I was primed today for the Obamacare Decision. I made certain that I had no court hearings today, and my appointments were not starting until 10:00 AM. Alas my third kidney stone decided to make its appearance at 7:00 AM. By 9:00 AM I was suffering from truly memorable pain. I stayed home from the law mines and had my secretary reschedule all my appointments except the 2:00 PM which was in the nature of an emergency. Nursed by my wife, and my doctor who opened his office early for me, God bless him, I soon had in my system very strong painkillers and Flowmax. By 1:30 PM I still felt like bayonets were probing my nether regions, but duty is duty and my wife drove me to my office for the 2:00 PM appointment. By the end of it at 3:00 PM I was feeling semi-human, the pain killers and the Flowmax working their magic.
As for the Obamacare decision, a plain text copy of the decision may be read here, the majority opinion by Chief Justice Roberts is both brilliant and wrong. His exposition of how th individual mandate violates the Commerce Clause is magnificent. His transformation of the mandate into a tax was clever and wrong. The idea that something is a tax if it is used as a penalty to compel behavior is imaginative and absurd. Go here to read an examination of the decision shorn of legal gobbledygook. Lost in the hubbub over this part of the decision is that Roberts had a majority of the court rule that states could refuse to take part in the Medicaid expansion, a key part of Obamacare, and that Congress could not punish them by taking away all their Medicaid money. Go here to read an analysis of that portion of the decision.

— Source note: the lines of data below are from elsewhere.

lemma limsup_norm_eq_limsup_phi:
  fixes Q :: "'a::real_normed_vector \<Rightarrow> real" and \<phi> :: "'a \<Rightarrow> 'b::real_normed_vector"
  assumes contract: "\<And>z. norm z < 1 \<Longrightarrow> norm (\<phi> z) \<le> norm z"
    and nonneg: "\<And>z. norm z < 1 \<Longrightarrow> 0 \<le> Q z"
    and small: "\<And>s \<epsilon>. 0 < s \<Longrightarrow> s < 1 \<Longrightarrow> 0 < \<epsilon> \<Longrightarrow>
        \<exists>r<1. \<forall>z. r < norm z \<and> norm z < 1 \<and> norm (\<phi> z) \<le> s \<longrightarrow> Q z < \<epsilon>"
  shows "limsup_norm Q = limsup_phi \<phi> Q"
proof -
  define F where "F r = sup0 ((\<lambda>z. ereal (Q z)) ` {z. r < norm z \<and> norm z < 1})" for r
  define G where "G r = sup0 ((\<lambda>z. ereal (Q z)) ` {z. norm z < 1 \<and> r < norm (\<phi> z)})" for r
  have G_nonneg: "0 \<le> G r" for r
    unfolding G_def by (rule sup0_nonneg) (auto intro: nonneg)
  have limsup_norm_INF: "limsup_norm Q = (INF r\<in>{0<..<1}. F r)"
    unfolding limsup_norm_def F_def[symmetric]
    by (rule Lim_at_left_1_antitone) (unfold F_def, rule sup0_mono, auto intro: nonneg)
  have limsup_phi_INF: "limsup_phi \<phi> Q = (INF r\<in>{0<..<1}. G r)"
    unfolding limsup_phi_def G_def[symmetric]
    by (rule Lim_at_left_1_antitone) (unfold G_def, rule sup0_mono, auto intro: nonneg)
  have G_le_F: "G r \<le> F r" for r
    unfolding G_def F_def using contract
    by (intro sup0_mono) (auto intro: nonneg, fastforce)
  have INF_F_le_G: "(INF r\<in>{0<..<1}. F r) \<le> G s" if s: "0 < s" "s < 1" for s
  proof (rule ereal_le_epsilon2)
    fix \<epsilon> :: real assume \<epsilon>: "0 < \<epsilon>"
    obtain r0 where r0: "r0 < 1"
      "\<And>z. r0 < norm z \<Longrightarrow> norm z < 1 \<Longrightarrow> norm (\<phi> z) \<le> s \<Longrightarrow> Q z < \<epsilon>"
      using small[OF s \<epsilon>] by blast
    define r where "r = max r0 (1/2)"
    have r: "r \<in> {0<..<1}" using r0 by (auto simp: r_def)
    have "F r \<le> G s + ereal \<epsilon>"
      unfolding F_def
    proof (rule sup0_le)
      fix x assume "x \<in> (\<lambda>z. ereal (Q z)) ` {z. r < norm z \<and> norm z < 1}"
      then obtain z where z: "x = Q z" "r < norm z" "norm z < 1" by auto
      show "x \<le> G s + ereal \<epsilon>"
      proof (cases "s < norm (\<phi> z)")
        case True
        then have "x \<le> G s" unfolding G_def using z by (auto intro: sup0_upper)
        then show ?thesis using \<epsilon> by (intro add_increasing2) auto
      next
        case False
        then have "x \<le> ereal \<epsilon>" using r0 z by (auto simp: r_def less_imp_le)
        then show ?thesis using G_nonneg by (intro add_increasing)
      qed
    qed (use G_nonneg \<epsilon> in simp)
    then show "(INF r\<in>{0<..<1}. F r) \<le> G s + ereal \<epsilon>"
      using r by (blast intro: INF_lower2)
  qed
  show ?thesis
    unfolding limsup_norm_INF limsup_phi_INF
    by (rule antisym; rule INF_greatest)
      (auto intro: INF_F_le_G INF_lower2 G_le_F)
qed

lemma vanishing_where_phi_bounded:
  fixes Q A :: "'a::real_normed_vector \<Rightarrow> real" and \<phi> :: "'a \<Rightarrow> 'b::real_normed_vector"
  assumes vanishing: "\<forall>\<epsilon>>0. \<exists>r<1. \<forall>z. r < norm z \<and> norm z < 1 \<longrightarrow> A z < \<epsilon>"
    and nonneg: "\<And>z. norm z < 1 \<Longrightarrow> 0 \<le> Q z"
    and bound: "\<And>z. norm z < 1 \<Longrightarrow> Q z * g (norm (\<phi> z)) \<le> A z"
    and g_pos: "\<And>t. 0 \<le> t \<Longrightarrow> t < 1 \<Longrightarrow> 0 < g t"
    and g_antitone: "\<And>t u. 0 \<le> t \<Longrightarrow> t \<le> u \<Longrightarrow> u < 1 \<Longrightarrow> g u \<le> g t"
    and s: "0 < s" "s < 1" and \<epsilon>: "0 < \<epsilon>"
  shows "\<exists>r<1. \<forall>z. r < norm z \<and> norm z < 1 \<and> norm (\<phi> z) \<le> s \<longrightarrow> Q z < \<epsilon>"
proof -
  have gs: "0 < g s" using g_pos s by simp
  obtain r where r: "r < 1" "\<And>z. r < norm z \<Longrightarrow> norm z < 1 \<Longrightarrow> A z < \<epsilon> * g s"
    using vanishing \<epsilon> gs by (metis mult_pos_pos)
  have "Q z < \<epsilon>" if z: "r < norm z" "norm z < 1" "norm (\<phi> z) \<le> s" for z
  proof -
    have "Q z * g s \<le> Q z * g (norm (\<phi> z))"
      using z s nonneg by (intro mult_left_mono g_antitone) auto
    also have "\<dots> \<le> A z" using z(2) by (rule bound)
    also have "\<dots> < \<epsilon> * g s" using z(1,2) by (rule r)
    finally show ?thesis using gs by simp
  qed
  with r show ?thesis by blast
qed
(* Let $T$ be a lush hedge of height $H\ge2$ and let $\Lambda=(\alpha_1,\alpha_2,\beta_2,\beta_3,\beta_4)\in\mathcal B$. Then every matrix $A\in\mathcal{PH}(C^{\Lambda}_{H+1},T)$ has a critical multiplicity list; in fact $\alpha_1,\alpha_2,\beta_2,\beta_3,\beta_4$ witness this.
   Context: Hedges: a rooted tree has a distinguished root; $y$ is a child of adjacent $z$ if the root-to-$y$ path passes through $z$; a leaf is a non-root vertex of degree 1 (in $P_1$ the single vertex is root and leaf). A hedge is a rooted tree that is $P_1$ or in which all leaves are at equal distance from the root. $\mathrm h(u)$ is the distance from $u$ to a nearest leaf; the height of the hedge is that of its root; $V_i(T)$ is the set of vertices of height $i$; $\ell_i(T)=|V_{i-1}(T)|-|V_i(T)|$ for $i\ge1$. A hedge is lush if every vertex of height $\ge2$ has at least three children and every vertex of height $1$ at least two. $P_n$ is the path $1-\cdots-n$ rooted at $1$. $\mathcal R(T)$: real matrices indexed by $V(T)$ with $a_{ij}\neq0$ iff $\{i,j\}\in E(T)$ ($i\ne j$), $a_{ij}a_{ji}>0$ on edges, arbitrary diagonal. Path-to-hedge: for $C=(c_{ij})\in\mathcal R(P_{H+1})$ and $v\in V(T)$ put $v'=H+1-\mathrm h(v)$; $\mathcal{PH}(C,T)$ is the set of $A\in\mathcal R(T)$ with $a_{vv}=c_{v'v'}$ for all $v$ and $\sum_{u\text{ child of }v}a_{vu}a_{uv}=c_{v',v'+1}c_{v'+1,v'}$ for every non-leaf $v$. $\mathcal B$ is the set of $(\alpha_1,\alpha_2,\beta_2,\beta_3,\beta_4)\in\mathbb R^5$ with distinct entries satisfying one of: $\beta_2<\alpha_1<\alpha_2<\beta_3<\beta_4$; $\beta_2<\beta_4<\alpha_1<\alpha_2<\beta_3$; $\beta_4<\beta_2<\alpha_1<\alpha_2<\beta_3$ and $\alpha_2+\beta_2>\beta_4+\beta_3$; $\beta_3<\beta_2<\alpha_1<\alpha_2<\beta_4$ and $\alpha_2+\beta_2<\beta_4+\beta_3$; $\beta_3<\beta_2<\beta_4<\alpha_1<\alpha_2$; $\beta_4<\beta_3<\beta_2<\alpha_1<\alpha_2$; $\beta_4<\beta_3<\alpha_2<\alpha_1<\beta_2$; $\beta_3<\alpha_2<\alpha_1<\beta_4<\beta_2$; $\beta_3<\alpha_2<\alpha_1<\beta_2<\beta_4$ and $\alpha_2+\beta_2<\beta_4+\beta_3$; $\beta_4<\alpha_2<\alpha_1<\beta_2<\beta_3$ and $\alpha_2+\beta_2>\beta_4+\beta_3$; $\alpha_2<\alpha_1<\beta_4<\beta_2<\beta_3$; $\alpha_2<\alpha_1<\beta_2<\beta_3<\beta_4$. For $\Lambda\in\mathcal B$, $C^{\Lambda}_n$ is the $n\times n$ tridiagonal matrix with diagonal $(a_n,\dots,a_1)$, superdiagonal $(b_n,\dots,b_2)$, subdiagonal all $1$, where $a_i=\alpha_1$ ($i$ odd), $a_2=-\alpha_1+\alpha_2+\beta_2$, $a_i=\alpha_2$ ($i>2$ even), $b_2=(\beta_2-\alpha_1)(\alpha_1-\alpha_2)$, $b_3=(\beta_3-\alpha_2)(\beta_3-\beta_2)$, $b_4=\frac{(\beta_4-\alpha_1)(\beta_3-\beta_4)(\alpha_2+\beta_2-\beta_3-\beta_4)}{\beta_4-\beta_2}$, $b_i=(\beta_j-\alpha_1)(\beta_j-\alpha_2)$ for $i>4$, $j\in\{2,3,4\}$, $i\equiv j\pmod3$. Critical multiplicity list: for a lush hedge $T$ of height $H\ge2$, a matrix $A\in\mathcal R(T)$ has a critical multiplicity list if there exist five distinct reals $\alpha_1,\alpha_2,\beta_2,\beta_3,\beta_4$ (witnesses) with $\mathrm{mult}(\alpha_j,A)\ge\sum_{i\ge j,\ i\equiv j\ (2)}\ell_i(T)$ for $j=1,2$, $\mathrm{mult}(\beta_j,A)\ge\sum_{i\ge j,\ i\equiv j\ (3)}\ell_i(T)$ for $j=2,3,4$, and $\mathrm{mult}(\beta_4,A)<\ell_3(T)$ (multiplicity $0$ allowed, i.e. $\beta_4$ need not be an eigenvalue). *)

theory Defs
  imports "Jordan_Normal_Form.Char_Poly"
begin
lemma card_large_family_le_bound:
  assumes \<epsilon>: "\<epsilon> > 0" and F: "F \<in> large_families \<epsilon> X"
  shows "card F \<le> large_count_bound \<epsilon>"
proof -
  obtain t where t: "TV = ennreal t" "t \<ge> 0"
    using total_variation_finite by (cases TV) auto
  have F': "finite F" "F \<subseteq> \<B>" "disjoint F" "\<And>C. C \<in> F \<Longrightarrow> ennreal \<epsilon> < \<nu> C"
    using F by (auto simp: large_families_def)
  have "ennreal (real (card F) * \<epsilon>) = (\<Sum>C\<in>F. ennreal \<epsilon>)"
    using \<epsilon> by (simp add: ennreal_mult ennreal_of_nat_eq_real_of_nat)
  also have "\<dots> \<le> (\<Sum>C\<in>F. \<nu> C)" by (intro sum_mono less_imp_le F')
  also have "\<dots> \<le> TV" by (rule sum_le_total_variation) (use F' in auto)
  finally have "real (card F) \<le> t / \<epsilon>"
    using t \<epsilon> by (simp add: field_simps)
  then show ?thesis
    unfolding large_count_bound_def using t by (simp add: le_nat_iff) linarith
qed

lemma finite_large_family_cards: "\<epsilon> > 0 \<Longrightarrow> finite (card ` large_families \<epsilon> X)"
  by (rule finite_subset[of _ "{..large_count_bound \<epsilon>}"]) (auto dest: card_large_family_le_bound)

lemma card_le_large_count: "\<epsilon> > 0 \<Longrightarrow> F \<in> large_families \<epsilon> X \<Longrightarrow> card F \<le> large_count \<epsilon> X"
  unfolding large_count_def by (rule Max_ge) (auto simp: finite_large_family_cards)

lemma large_count_attained:
  assumes "\<epsilon> > 0"
  obtains F where "F \<in> large_families \<epsilon> X" "card F = large_count \<epsilon> X"
proof -
  have "{} \<in> large_families \<epsilon> X" by (simp add: large_families_def)
  then have "large_count \<epsilon> X \<in> card ` large_families \<epsilon> X"
    unfolding large_count_def using finite_large_family_cards[OF assms] by (intro Max_in) auto
  then show ?thesis using that by force
qed

lemma large_count_le_bound:
  assumes \<epsilon>: "\<epsilon> > 0"
  shows "large_count \<epsilon> X \<le> large_count_bound \<epsilon>"
proof -
  obtain F where "F \<in> large_families \<epsilon> X" "card F = large_count \<epsilon> X"
    using large_count_attained[OF \<epsilon>] .
  then show ?thesis using card_large_family_le_bound[OF \<epsilon>] by metis
qed

lemma large_count_mono:
  assumes \<epsilon>: "\<epsilon> > 0" and "X \<subseteq> Y"
  shows "large_count \<epsilon> X \<le> large_count \<epsilon> Y"
proof -
  obtain F where F: "F \<in> large_families \<epsilon> X" "card F = large_count \<epsilon> X"
    using large_count_attained[OF \<epsilon>] .
  then have "F \<in> large_families \<epsilon> Y"
    using \<open>X \<subseteq> Y\<close> by (auto simp: large_families_def)
  then show ?thesis using F(2) card_le_large_count[OF \<epsilon>] by metis
qed

lemma large_count_pos_iff:
  assumes \<epsilon>: "\<epsilon> > 0" and X: "X \<in> \<B>"
  shows "large_count \<epsilon> X > 0 \<longleftrightarrow> ennreal \<epsilon> < \<nu> X"
proof
  assume "large_count \<epsilon> X > 0"
  then obtain F where F: "F \<in> large_families \<epsilon> X" "card F > 0"
    using large_count_attained[OF \<epsilon>, of X] by metis
  then obtain C where "C \<in> F" by fastforce
  then have "ennreal \<epsilon> < \<nu> C" "C \<subseteq> X" "C \<in> \<B>" using F by (auto simp: large_families_def)
  then show "ennreal \<epsilon> < \<nu> X" using nu_mono[OF _ X] by (meson order_less_le_trans)
next
  assume "ennreal \<epsilon> < \<nu> X"
  then have "{X} \<in> large_families \<epsilon> X" using X by (simp add: large_families_def)
  from card_le_large_count[OF \<epsilon> this] show "large_count \<epsilon> X > 0" by simp
qed

lemma large_count_empty: "\<epsilon> > 0 \<Longrightarrow> large_count \<epsilon> {} = 0"
  using large_count_pos_iff[of \<epsilon> "{}"] nu_empty by auto

lemma large_count_superadditive:
  assumes \<epsilon>: "\<epsilon> > 0" and XY: "X \<inter> Y = {}"
  shows "large_count \<epsilon> X + large_count \<epsilon> Y \<le> large_count \<epsilon> (X \<union> Y)"
proof -
  obtain F1 where F1: "F1 \<in> large_families \<epsilon> X" "card F1 = large_count \<epsilon> X"
    using large_count_attained[OF \<epsilon>] by blast
  obtain F2 where F2: "F2 \<in> large_families \<epsilon> Y" "card F2 = large_count \<epsilon> Y"
    using large_count_attained[OF \<epsilon>] by blast
  have "\<Union>F1 \<inter> \<Union>F2 = {}" using F1(1) F2(1) XY unfolding large_families_def by blast
  then have "F1 \<inter> F2 = {}" using large_family_nonempty_members[OF F1(1)] by blast
  moreover have "F1 \<union> F2 \<in> large_families \<epsilon> (X \<union> Y)"
    using F1(1) F2(1) \<open>\<Union>F1 \<inter> \<Union>F2 = {}\<close> by (auto simp: large_families_def intro: disjoint_union)
  ultimately show ?thesis
    using F1 F2 card_le_large_count[OF \<epsilon>, of "F1 \<union> F2"]
    by (simp add: large_families_def card_Un_disjoint)
qed

lemma card_large_traces_le_large_count:
  assumes \<epsilon>: "\<epsilon> > 0" and F: "finite F" "F \<subseteq> \<B>" "disjoint F" and Z: "Z \<in> \<B>"
  shows "card {C\<in>F. ennreal \<epsilon> < \<nu> (C \<inter> Z)} \<le> large_count \<epsilon> Z"
proof -
  let ?G = "{C\<in>F. ennreal \<epsilon> < \<nu> (C \<inter> Z)}"
  have "disjoint ?G" using F(3) by (auto simp: pairwise_def)
  then have traces: "(\<lambda>C. C \<inter> Z) ` ?G \<in> large_families \<epsilon> Z"
    using F Z by (auto simp: large_families_def intro: disjoint_image_subset)
  have "inj_on (\<lambda>C. C \<inter> Z) ?G"
  proof (rule inj_onI)
    fix C C' assume C: "C \<in> ?G" "C' \<in> ?G" "C \<inter> Z = C' \<inter> Z"
    then have "C \<inter> Z \<noteq> {}" using nu_empty by auto
    then show "C = C'" using C F(3) by (auto simp: disjoint_def)
  qed
  then show ?thesis using card_le_large_count[OF \<epsilon> traces] by (simp add: card_image)
qed

lemma large_count_subadditive:
  assumes \<epsilon>: "\<epsilon> > 0" and X: "X \<in> \<B>" and Y: "Y \<in> \<B>"
  shows "large_count \<epsilon> (X \<union> Y) \<le> large_count \<epsilon> X + large_count \<epsilon> Y"
proof -
  obtain F where F: "F \<in> large_families \<epsilon> (X \<union> Y)" "card F = large_count \<epsilon> (X \<union> Y)"
    using large_count_attained[OF \<epsilon>] by blast
  have F': "finite F" "F \<subseteq> \<B>" "disjoint F"
    "\<And>C. C \<in> F \<Longrightarrow> C \<subseteq> X \<union> Y \<and> ennreal \<epsilon> < \<nu> C"
    using F by (auto simp: large_families_def)
  \<comment> \<open>By maxitivity every member of \<open>F\<close> keeps mass \<open>> \<epsilon>\<close> inside \<open>X\<close> or inside \<open>Y\<close>.\<close>
  have "F = {C\<in>F. ennreal \<epsilon> < \<nu> (C \<inter> X)} \<union> {C\<in>F. ennreal \<epsilon> < \<nu> (C \<inter> Y)}"
  proof safe
    fix C assume C: "C \<in> F" "\<not> ennreal \<epsilon> < \<nu> (C \<inter> Y)"
    have "C = (C \<inter> X) \<union> (C \<inter> Y)" using F'(4)[OF C(1)] by auto
    then have "\<nu> C = max (\<nu> (C \<inter> X)) (\<nu> (C \<inter> Y))"
      using nu_Un F'(2) C(1) X Y by (metis Int subsetD)
    then show "ennreal \<epsilon> < \<nu> (C \<inter> X)"
      using F'(4)[OF C(1)] C(2) by (auto simp: less_max_iff_disj)
  qed
  then have "card F \<le> card {C\<in>F. ennreal \<epsilon> < \<nu> (C \<inter> X)} + card {C\<in>F. ennreal \<epsilon> < \<nu> (C \<inter> Y)}"
    by (metis card_Un_le)
  also have "\<dots> \<le> large_count \<epsilon> X + large_count \<epsilon> Y"
    using card_large_traces_le_large_count[OF \<epsilon> F'(1-3)] X Y by (intro add_mono)
  finally show ?thesis using F by simp
qed

lemma large_count_additive:
  "\<epsilon> > 0 \<Longrightarrow> X \<in> \<B> \<Longrightarrow> Y \<in> \<B> \<Longrightarrow> X \<inter> Y = {} \<Longrightarrow>
    large_count \<epsilon> (X \<union> Y) = large_count \<epsilon> X + large_count \<epsilon> Y"
  by (metis antisym large_count_subadditive large_count_superadditive)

The dissent of Kennedy, Scalia, Alito and Thomas is also brilliant and correct. Here is there response to Robert’s transformation of a penalty into a tax:
Our cases establish a clear line between a tax and a penalty: “‘[A] tax is an enforced contribution to provide for the support of government; a penalty . . . is an exaction imposed by statute as punishment for an unlawful act.’”United States v.Reorganized CF&I Fabricators of Utah,Inc, 518 U. S. 213, 224 (1996) (quoting United States v.LaFranca, 282 U. S. 568, 572 (1931)). In a few cases, this Court has held that a “tax” imposed upon private conduct was so onerous as to be in effect a penalty. But we have never held—never—that a penalty imposed for violation of the law was so trivial as to be in effect a tax.
I am curious as to whether the dissent was originally a majority opinion. Did Roberts flip sides and why? We will find out in due course, but that may be years down the road.
The political consequences of this are clear. At a stroke the Supreme Court has converted the 2012 election into a crusade for conservatives. If Obama is re-elected Obamacare will remain a reality. The law is quite unpopular and the Court has now given Romney an issue that enthuses his base and will aid his fundraising. The Romney campaign raised a million dollars in the hours following the decision. The Obamacare decision is wretched constitutional law, but it is a godsend for everyone who wants to make certain that the author of Obamacare is looking for a new job in January.
Update I: Since the Obamacare ruling the Romney campaign has received 3.2 million dollars in donations and the day isn’t over. Thanks Chief Justice Roberts!